# Math Help - Negative Exponents in Complex Fractions

1. ## Negative Exponents in Complex Fractions

((x^-1)-(y^-1))/((x^-2)-(y^-2))? I know the answer is xy/x+y but I do not know how to get it.

2. Originally Posted by kpatch60
((x^-1)-(y^-1))/((x^-2)-(y^-2))? I know the answer is xy/x+y but I do not know how to get it.
$x^{-1}=\frac{1}{x} \\ \text{and} \\ x^{-2}=\frac{1}{x^2}$

3. Its question #2 on this page if looking at it in the image format would help. Sample test for LAVC's Pre-Calculus Diagnostic

4. so i have (1/x-1/y)/(1/x^2-1/y^2)/ From here should I try using conjugates or something?

5. Use the difference of two squares on the denominator nothing that $x^{-2} = (x^{-1})^2$. If you've done it correctly you'll get a common factor on the top and bottom which can be cancelled since we know that $|x| \neq |y|$

6. Originally Posted by kpatch60
((x^-1)-(y^-1))/((x^-2)-(y^-2))? I know the answer is xy/x+y but I do not know how to get it.
$\frac{{x^{ - 1} - y^{ - 1} }}{{x^{ - 2} - y^{ - 2} }} = \frac{{\frac{1}{x} - \frac{1}{y}}}{{\frac{1}{{x^2 }} - \frac{1}{{y^2 }}}} = \frac{{xy^2 - x^2 y}}{{y^2 - x^2 }}$

7. Originally Posted by Plato
$\frac{{x^{ - 1} - y^{ - 1} }}{{x^{ - 2} - y^{ - 2} }} = \frac{{\frac{1}{x} - \frac{1}{y}}}{{\frac{1}{{x^2 }} - \frac{1}{{y^2 }}}} = \frac{{xy^2 - x^2 y}}{{y^2 - x^2 }}$
What did you do to get from the second to third part? This is how I was shown to do the problem originally, but I forget how the 1/x's were eliminated.

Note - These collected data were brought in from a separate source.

(* With $F(q)$ as in the context, write $F(q)=\exp\left(\sum_{d\ge1}y'_dq^d\right)$. Then for every $d\ge1$, $$y'_d=\sum_{0<d_1<\dots<d_r=d}\frac{y_{d_1}\prod_{i=2}^r\left(x_{d_i-d_{i-1}}d_{i-1}\right)}{r!}.$$
   Context: $x_1,x_2,\dots,y_1,y_2,\dots$ are indeterminates and $F(q)=\sum_{d\ge0}\sum_{0=d_0<d_1<\dots<d_r=d}\frac{\prod_{i=1}^r(y_{d_i-d_{i-1}}+x_{d_i-d_{i-1}}d_{i-1})}{r!}q^d$, a formal power series in $q$ with constant term $1$ and coefficients in $\mathbb Q[x_k,y_k]_{k\ge1}$. *)

theory Defs
  imports "HOL-Computational_Algebra.Formal_Power_Series"
begin

text \<open>Chains 0 = d_0 < d_1 < ... < d_r = d, encoded by the list [d_1, ..., d_r]
  (so the full chain is 0 # ds; the empty list is the chain with r = 0, only for d = 0).\<close>
definition chains :: "nat \<Rightarrow> nat list set" where
  "chains d = {ds. sorted_wrt (<) (0 # ds) \<and> last (0 # ds) = d}"

text \<open>The coefficient of q^d in F(q), with the indeterminates x_k, y_k
  specialised to arbitrary elements of a field of characteristic 0.\<close>
definition F_coeff :: "(nat \<Rightarrow> 'a::field_char_0) \<Rightarrow> (nat \<Rightarrow> 'a) \<Rightarrow> nat \<Rightarrow> 'a" where
  "F_coeff x y d = (\<Sum>ds\<in>chains d. let L = 0 # ds in
      (\<Prod>i\<in>{1..length ds}. y (L!i - L!(i-1)) + x (L!i - L!(i-1)) * of_nat (L!(i-1)))
      / fact (length ds))"

definition F_series :: "(nat \<Rightarrow> 'a::field_char_0) \<Rightarrow> (nat \<Rightarrow> 'a) \<Rightarrow> 'a fps" where
  "F_series x y = Abs_fps (F_coeff x y)"

end

theory Submission
  imports Defs
begin

(*
  Write X = sum x_k q^k, Y = sum y_k q^k and theta = q d/dq. Splitting off the last step of a
  chain shows that n! times the contribution of the chains of length n to F is (Y + D)^n 1 for
  the derivation D = X theta, while the n-th term of the claimed series for log F is
  D^(n-1) Y / n!. Introduce a second variable t and put P = sum_n (Y + D)^n 1 t^n / n! and
  G = sum_(n>=1) D^(n-1) Y t^n / n!. Uniqueness of solutions of linear ODEs in t gives first
  dP/dt = (dG/dt) P and then theta P = (theta G) P. The coefficient of t^n is O(q^n), so we
  may set t = 1, which gives theta F = theta G(1) F. Since also theta F = theta (sum y'_d q^d) F,
  the two series agree.
*)

unbundle fps_syntax

definition chains_len :: "nat \<Rightarrow> nat \<Rightarrow> nat list set" where
  "chains_len n d = {ds \<in> chains d. length ds = n}"

definition chain_weight :: "(nat \<Rightarrow> nat \<Rightarrow> 'a::comm_monoid_mult) \<Rightarrow> nat list \<Rightarrow> 'a" where
  "chain_weight w ds = (\<Prod>i\<in>{1..length ds}. w ((0#ds)!(i-1)) ((0#ds)!i))"

definition chain_sum :: "(nat \<Rightarrow> nat \<Rightarrow> 'a::comm_semiring_1) \<Rightarrow> nat \<Rightarrow> nat \<Rightarrow> 'a" where
  "chain_sum w n d = (\<Sum>ds\<in>chains_len n d. chain_weight w ds)"

lemma sorted_wrt_less_le_last:
  "sorted_wrt (<) xs \<Longrightarrow> (v::'a::order) \<in> set xs \<Longrightarrow> v \<le> last xs"
proof (induction xs)
  case (Cons a xs)
  show ?case
  proof (cases "xs = []")
    case False
    then have "last xs \<in> set xs" by simp
    then show ?thesis using Cons by (auto simp: less_imp_le)
  qed (use Cons in auto)
qed simp

lemma chain_set_subset:
  assumes "ds \<in> chains d" shows "set ds \<subseteq> {1..d}"
proof
  fix v assume v: "v \<in> set ds"
  have s: "sorted_wrt (<) (0#ds)" and l: "last (0#ds) = d" using assms by (auto simp: chains_def)
  have "v \<le> d" using sorted_wrt_less_le_last[OF s, of v] v l by simp
  moreover have "0 < v" using s v by simp
  ultimately show "v \<in> {1..d}" by simp
qed

lemma chain_length_le:
  assumes "ds \<in> chains d" shows "length ds \<le> d"
proof -
  have "distinct ds" using assms by (simp add: chains_def strict_sorted_iff)
  then have "length ds = card (set ds)" by (simp add: distinct_card)
  also have "\<dots> \<le> card {1..d}" using chain_set_subset[OF assms] by (intro card_mono) auto
  finally show ?thesis by simp
qed

lemma finite_chains: "finite (chains d)"
proof (rule finite_subset)
  show "chains d \<subseteq> {xs. set xs \<subseteq> {..d} \<and> length xs \<le> d}"
    using chain_set_subset chain_length_le by fastforce
  show "finite {xs. set xs \<subseteq> {..d} \<and> length xs \<le> d}" by (rule finite_lists_length_le) auto
qed

lemma finite_chains_len: "finite (chains_len n d)"
  using finite_chains by (simp add: chains_len_def)

lemma chains_len_eq_empty: "d < n \<Longrightarrow> chains_len n d = {}"
  using chain_length_le by (fastforce simp: chains_len_def)

lemma chain_sum_eq_0: "d < n \<Longrightarrow> chain_sum w n d = 0"
  by (simp add: chain_sum_def chains_len_eq_empty)

lemma chains_len_0: "chains_len 0 d = (if d = 0 then {[]} else {})"
  by (auto simp: chains_len_def chains_def)

lemma chain_sum_0: "chain_sum w 0 d = (if d = 0 then 1 else 0)"
  by (simp add: chain_sum_def chains_len_0 chain_weight_def)
(* Let $(H,\beta)$ be a monoidal Hom-bialgebra and let $(A,\alpha)$ be a left $(H,\beta)$-Hom-comodule algebra with left Hom-coaction $\varphi:A\to H\otimes A$, $\varphi(a)=a_{(-1)}\otimes a_{(0)}$. Let $(\Gamma,\gamma)$ be a first order differential calculus over $(A,\alpha)$ with differential $d:A\to\Gamma$. Then the following are equivalent: (1) $(\Gamma,\gamma)$ is left-covariant with respect to $(H,\beta)$; (2) there is a morphism $\phi:(\Gamma,\gamma)\to(H\otimes\Gamma,\beta\otimes\gamma)$ in $\widetilde{\mathcal{H}}(\mathcal{M}_k)$ such that $\phi(a\cdot db)=\varphi(a)\,(\mathrm{id}\otimes d)(\varphi(b))$ for all $a,b\in A$; (3) for all finite families $a_i,b_i\in A$, $\sum_i a_i\cdot db_i=0$ in $\Gamma$ implies $\sum_i\varphi(a_i)\,(\mathrm{id}\otimes d)(\varphi(b_i))=0$ in $H\otimes\Gamma$.
   Context: All vector spaces are over a field $k$. $\widetilde{\mathcal{H}}(\mathcal{M}_k)$ is the category whose objects are pairs $(M,\mu)$ with $M$ a $k$-vector space and $\mu$ a linear automorphism of $M$, and whose morphisms $f:(M,\mu)\to(N,\nu)$ are linear maps with $\nu\circ f=f\circ\mu$; tensor product $(M\otimes N,\mu\otimes\nu)$. A monoidal Hom-algebra $(A,\alpha)$ is an object with multiplication $a\otimes b\mapsto ab$ and unit $1_A$ such that $\alpha(ab)=\alpha(a)\alpha(b)$, $\alpha(1_A)=1_A$, $\alpha(a)(bc)=(ab)\alpha(c)$, $1_Aa=a1_A=\alpha(a)$. A monoidal Hom-coalgebra $(C,\beta)$ is an object with comultiplication $\Delta(c)=c_1\otimes c_2$ and counit $\varepsilon$ satisfying $\Delta\circ\beta=(\beta\otimes\beta)\circ\Delta$, $\varepsilon\circ\beta=\varepsilon$, $\beta^{-1}(c_1)\otimes c_{21}\otimes c_{22}=c_{11}\otimes c_{12}\otimes\beta^{-1}(c_2)$, $\varepsilon(c_1)c_2=c_1\varepsilon(c_2)=\beta^{-1}(c)$. A monoidal Hom-bialgebra is both, with $\Delta,\varepsilon$ multiplicative and unital. Left Hom-module $(M,\mu)$ over $(A,\alpha)$: a morphism $a\otimes m\mapsto a\cdot m$ with $\alpha(a)\cdot(b\cdot m)=(ab)\cdot\mu(m)$, $1_A\cdot m=\mu(m)$; right Hom-module: $(m\cdot a)\cdot\alpha(b)=\mu(m)\cdot(ab)$, $m\cdot 1_A=\mu(m)$; Hom-bimodule: both, with $\alpha(a)\cdot(m\cdot b)=(a\cdot m)\cdot\alpha(b)$. A left $(H,\beta)$-Hom-comodule $(M,\mu)$ is given by a morphism $\rho:M\to H\otimes M$, $\rho(m)=m_{(-1)}\otimes m_{(0)}$, with $\beta^{-1}(m_{(-1)})\otimes m_{(0)(-1)}\otimes m_{(0)(0)}=m_{(-1)1}\otimes m_{(-1)2}\otimes\mu^{-1}(m_{(0)})$ and $\varepsilon(m_{(-1)})m_{(0)}=\mu^{-1}(m)$. A left $(H,\beta)$-Hom-comodule algebra $(A,\alpha)$ is a monoidal Hom-algebra which is a left $(H,\beta)$-Hom-comodule via $\varphi$ with $\varphi(ab)=a_{(-1)}b_{(-1)}\otimes a_{(0)}b_{(0)}$ and $\varphi(1_A)=1_H\otimes 1_A$. A first order differential calculus (Hom-FODC) over $(A,\alpha)$ is an $(A,\alpha)$-Hom-bimodule $(\Gamma,\gamma)$ with a linear map $d:A\to\Gamma$ such that $d(ab)=a\cdot db+da\cdot b$, $d\circ\alpha=\gamma\circ d$, and $\Gamma$ is spanned by the elements $(a\cdot db)\cdot c$, $a,b,c\in A$. The space $H\otimes\Gamma$ carries the structures $(h\otimes a)(h'\otimes\omega)=hh'\otimes a\cdot\omega$ and $(h'\otimes\omega)(h\otimes a)=h'h\otimes\omega\cdot a$; thus $\varphi(a)(\mathrm{id}\otimes d)(\varphi(b))=a_{(-1)}b_{(-1)}\otimes a_{(0)}\cdot db_{(0)}$. The Hom-FODC $(\Gamma,\gamma)$ is left-covariant with respect to $(H,\beta)$ if there is a left Hom-coaction $\phi:\Gamma\to H\otimes\Gamma$ of $(H,\beta)$ on $(\Gamma,\gamma)$ such that $\phi(\alpha(a)\cdot(\omega\cdot b))=\varphi(\alpha(a))(\phi(\omega)\varphi(b))$ for all $a,b\in A$, $\omega\in\Gamma$, and $\phi(da)=(\mathrm{id}\otimes d)\varphi(a)$ for all $a\in A$. *)

theory Defs
  imports Complex_Main "HOL-Library.Function_Algebras"
begin

definition hom_object :: "('k::field \<Rightarrow> 'm::ab_group_add \<Rightarrow> 'm) \<Rightarrow> ('m \<Rightarrow> 'm) \<Rightarrow> bool" where
  "hom_object s \<mu> \<longleftrightarrow> vector_space s \<and> Vector_Spaces.linear s s \<mu> \<and> bij \<mu>"

text \<open>An element of X \<otimes> Y is represented by a finite list of pairs (x_i, y_i), standing for
  the sum of the x_i \<otimes> y_i (scalars can be absorbed in the first factor).  The free
  k-vector space on X \<times> Y is realised inside the functions X \<times> Y \<Rightarrow> k; two representatives are
  equal in X \<otimes> Y iff the difference of their formal sums lies in the span of the bilinearity
  relations.\<close>

definition fdelta :: "'p \<Rightarrow> 'p \<Rightarrow> 'k::field" where
  "fdelta p = (\<lambda>q. if q = p then 1 else 0)"

definition fsum :: "'p list \<Rightarrow> 'p \<Rightarrow> 'k::field" where
  "fsum xs = (\<lambda>p. of_nat (count_list xs p))"

definition fscale :: "'k::field \<Rightarrow> ('p \<Rightarrow> 'k) \<Rightarrow> ('p \<Rightarrow> 'k)" where
  "fscale c f = (\<lambda>p. c * f p)"

definition rel2 :: "('k::field \<Rightarrow> 'x::ab_group_add \<Rightarrow> 'x) \<Rightarrow> ('k \<Rightarrow> 'y::ab_group_add \<Rightarrow> 'y)
    \<Rightarrow> ('x \<times> 'y \<Rightarrow> 'k) set" where
  "rel2 sx sy =
     {fdelta (x + x', y) - fdelta (x, y) - fdelta (x', y) | x x' y. True}
   \<union> {fdelta (x, y + y') - fdelta (x, y) - fdelta (x, y') | x y y'. True}
   \<union> {fdelta (sx c x, y) - fscale c (fdelta (x, y)) | c x y. True}
   \<union> {fdelta (x, sy c y) - fscale c (fdelta (x, y)) | c x y. True}"

definition rel3 :: "('k::field \<Rightarrow> 'x::ab_group_add \<Rightarrow> 'x) \<Rightarrow> ('k \<Rightarrow> 'y::ab_group_add \<Rightarrow> 'y)
    \<Rightarrow> ('k \<Rightarrow> 'z::ab_group_add \<Rightarrow> 'z) \<Rightarrow> ('x \<times> 'y \<times> 'z \<Rightarrow> 'k) set" where
  "rel3 sx sy sz =
     {fdelta (x + x', y, z) - fdelta (x, y, z) - fdelta (x', y, z) | x x' y z. True}
   \<union> {fdelta (x, y + y', z) - fdelta (x, y, z) - fdelta (x, y', z) | x y y' z. True}
   \<union> {fdelta (x, y, z + z') - fdelta (x, y, z) - fdelta (x, y, z') | x y z z'. True}
   \<union> {fdelta (sx c x, y, z) - fscale c (fdelta (x, y, z)) | c x y z. True}
   \<union> {fdelta (x, sy c y, z) - fscale c (fdelta (x, y, z)) | c x y z. True}
   \<union> {fdelta (x, y, sz c z) - fscale c (fdelta (x, y, z)) | c x y z. True}"

definition teq2 :: "('k::field \<Rightarrow> 'x::ab_group_add \<Rightarrow> 'x) \<Rightarrow> ('k \<Rightarrow> 'y::ab_group_add \<Rightarrow> 'y)
    \<Rightarrow> ('x \<times> 'y) list \<Rightarrow> ('x \<times> 'y) list \<Rightarrow> bool" where
  "teq2 sx sy xs ys \<longleftrightarrow> fsum xs - fsum ys \<in> module.span fscale (rel2 sx sy)"

definition teq3 :: "('k::field \<Rightarrow> 'x::ab_group_add \<Rightarrow> 'x) \<Rightarrow> ('k \<Rightarrow> 'y::ab_group_add \<Rightarrow> 'y)
    \<Rightarrow> ('k \<Rightarrow> 'z::ab_group_add \<Rightarrow> 'z)
    \<Rightarrow> ('x \<times> 'y \<times> 'z) list \<Rightarrow> ('x \<times> 'y \<times> 'z) list \<Rightarrow> bool" where
  "teq3 sx sy sz xs ys \<longleftrightarrow> fsum xs - fsum ys \<in> module.span fscale (rel3 sx sy sz)"

definition tscale :: "('k::field \<Rightarrow> 'x::ab_group_add \<Rightarrow> 'x) \<Rightarrow> 'k \<Rightarrow> ('x \<times> 'y) list \<Rightarrow> ('x \<times> 'y) list" where
  "tscale sx c xs = map (\<lambda>(x, y). (sx c x, y)) xs"

text \<open>A morphism (M,\<mu>) \<rightarrow> (X \<otimes> Y, \<xi> \<otimes> \<eta>) in H~(M_k), given on representatives:
  linear (modulo the tensor relations) and commuting with the structure maps.\<close>
definition tmorphism :: "('k::field \<Rightarrow> 'm::ab_group_add \<Rightarrow> 'm) \<Rightarrow> ('m \<Rightarrow> 'm)
    \<Rightarrow> ('k \<Rightarrow> 'x::ab_group_add \<Rightarrow> 'x) \<Rightarrow> ('x \<Rightarrow> 'x)
    \<Rightarrow> ('k \<Rightarrow> 'y::ab_group_add \<Rightarrow> 'y) \<Rightarrow> ('y \<Rightarrow> 'y)
    \<Rightarrow> ('m \<Rightarrow> ('x \<times> 'y) list) \<Rightarrow> bool" where
  "tmorphism sm \<mu> sx \<xi> sy \<eta> f \<longleftrightarrow>
     (\<forall>m n. teq2 sx sy (f (m + n)) (f m @ f n)) \<and>
     (\<forall>c m. teq2 sx sy (f (sm c m)) (tscale sx c (f m))) \<and>
     (\<forall>m. teq2 sx sy (f (\<mu> m)) (map (\<lambda>(x, y). (\<xi> x, \<eta> y)) (f m)))"

definition bilinear_map :: "('k::field \<Rightarrow> 'x::ab_group_add \<Rightarrow> 'x) \<Rightarrow> ('k \<Rightarrow> 'y::ab_group_add \<Rightarrow> 'y)
    \<Rightarrow> ('k \<Rightarrow> 'z::ab_group_add \<Rightarrow> 'z) \<Rightarrow> ('x \<Rightarrow> 'y \<Rightarrow> 'z) \<Rightarrow> bool" where
  "bilinear_map sx sy sz f \<longleftrightarrow>
     (\<forall>y. Vector_Spaces.linear sx sz (\<lambda>x. f x y)) \<and> (\<forall>x. Vector_Spaces.linear sy sz (f x))"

8. Originally Posted by kpatch60
Its question #2 on this page if looking at it in the image format would help. Sample test for LAVC's Pre-Calculus Diagnostic
Alright, I'll play your game with you...

$\frac{x^{-1}-y^{-1}}{x^{-2}-y^{-2}}=\frac{\frac{1}{x}-\frac{1}{y}}{\frac{1}{x^2}-\frac{1}{y^2}}=\frac{\frac{y-x}{xy}}{\frac{y^2-x^2}{(xy)^2}}=\frac{(xy)^2(y-x)}{(xy)(y^2-x^2)}=\frac{(xy)(y-x)}{(x+y)(x-y)}=\frac{xy}{x+y}$

9. Originally Posted by Also sprach Zarathustra
Alright, I'll play your game with you...

$\frac{x^{-1}-y^{-1}}{x^{-2}-y^{-2}}=\frac{\frac{1}{x}-\frac{1}{y}}{\frac{1}{x^2}-\frac{1}{y^2}}=\frac{\frac{y-x}{xy}}{\frac{y^2-x^2}{(xy)^2}}=\frac{(xy)^2(y-x)}{(xy)(y^2-x^2)}=\frac{(xy)(y-x)}{(x+y)(x-y)}=\frac{xy}{x+y}$
Thank you very much. I never thought to do the top and bottom as seperate problems with their own common denominators but looking at it this way made it so much more simple.

10. Originally Posted by kpatch60
What did you do to get from the second to third part? This is how I was shown to do the problem originally, but I forget how the 1/x's were eliminated.
$\frac{{xy^2 - x^2 y}}{{y^2 - x^2 }} = \frac{{xy\left( {y - x} \right)}}{{\left( {y + x} \right)\left( {y - x} \right)}}$

11. Originally Posted by kpatch60
What did you do to get from the second to third part? This is how I was shown to do the problem originally, but I forget how the 1/x's were eliminated.
Multiply both numerator and denominator by $x^2y^2$.